▶ _REQUIRED ACTION_:
Filter the data for lines with the word "unfolding", then copy every line so identified.

[[ GIVEN INFORMATION, beginning ]]

lemma LEL_Asgs_K_positive_introspection:
  assumes "wf a" and "FV a = {}"
  shows "LEL (Imp (Asgs ps (K (fst ` set ps) a))
                  (Asgs ps (K (fst ` set ps) (Asgs ps (K (fst ` set ps) a)))))"
proof -
  define X where "X = fst ` set ps"
  define \<kappa> where "\<kappa> = K X a"
  define s where "s = Asgs ps (Neg \<kappa>)"
  define \<beta> where "\<beta> = Asgs ps \<kappa>"
  define q where "q = Asgs ps (Neg (K X s))"
  have fin: "finite X"
    by (simp add: X_def)
  have wf: "wf s" "FV s = {}" "wf \<beta>" "FV \<beta> = {}" "wf q" "FV q = {}" "wf \<kappa>"
    using assms by (auto simp: s_def \<kappa>_def \<beta>_def q_def X_def)
  have five_a: "LEL (Asgs ps (Imp (Neg \<kappa>) (K X s)))"
    using LEL_Asgs_axiom_5[OF assms, of ps] by (simp add: s_def \<kappa>_def X_def)
  have five_s: "LEL (Asgs ps (Imp (Neg (K X s)) (K X q)))"
    using LEL_Asgs_axiom_5[OF wf(1,2), of ps] by (simp add: q_def X_def)
  have "LEL (Asgs ps (Imp (Neg (K X s)) \<kappa>))"
    by (rule LEL_Asgs_consequence2[OF five_a five_a]) (use wf fin in auto)
  then have "LEL (Imp q \<beta>)"
    unfolding q_def \<beta>_def by (rule LEL_Asgs_distrib)
  then have K_q_\<beta>: "LEL (Asgs ps (Imp (K X q) (K X \<beta>)))"
    using wf fin by (intro LEL_Asgs_nec LEL_K_mono) auto
  \<comment> \<open>\<open>s\<close> is a sentence, so it is preserved by the assignments, while under them
    \<open>\<kappa>\<close> refutes it.\<close>
  have "LEL (Imp (Neg \<kappa>) (Imp \<kappa> (Neg s)))" "LEL (Imp (Neg s) (Imp \<kappa> (Neg s)))"
    using wf by (auto intro!: LEL_tautology)
  then have "LEL (Imp s (Asgs ps (Imp \<kappa> (Neg s))))"
    and "LEL (Imp (Neg s) (Asgs ps (Imp \<kappa> (Neg s))))"
    using LEL_Asgs_vacuous[of "Neg s" ps] wf
    by (auto simp: s_def[symmetric] intro: LEL_imp_trans dest: LEL_Asgs_mono[of _ _ ps])
  then have \<kappa>_not_s: "LEL (Asgs ps (Imp \<kappa> (Neg s)))"
    by (rule LEL_consequence2) (use wf in auto)
  have T: "LEL (Asgs ps (Imp (K X s) s))"
    using wf fin by (intro LEL_Asgs_nec lel_ax ax_T) auto
  have "LEL (Asgs ps (Imp \<kappa> (Neg (K X s))))"
    by (rule LEL_Asgs_consequence2[OF \<kappa>_not_s T]) (use wf fin in auto)
  then have "LEL (Asgs ps (Imp \<kappa> (K X q)))"
    by (rule LEL_Asgs_consequence2[OF _ five_s]) (use wf fin in auto)
  then have "LEL (Asgs ps (Imp \<kappa> (K X \<beta>)))"
    by (rule LEL_Asgs_consequence2[OF _ K_q_\<beta>]) (use wf fin in auto)
  then show ?thesis
    unfolding \<beta>_def \<kappa>_def X_def by (rule LEL_Asgs_distrib)
qed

[[ GIVEN INFORMATION, end ]]

▶ _EXERCISE RESPONSE_:
    unfolding q_def \<beta>_def by (rule LEL_Asgs_distrib)
    unfolding \<beta>_def \<kappa>_def X_def by (rule LEL_Asgs_distrib)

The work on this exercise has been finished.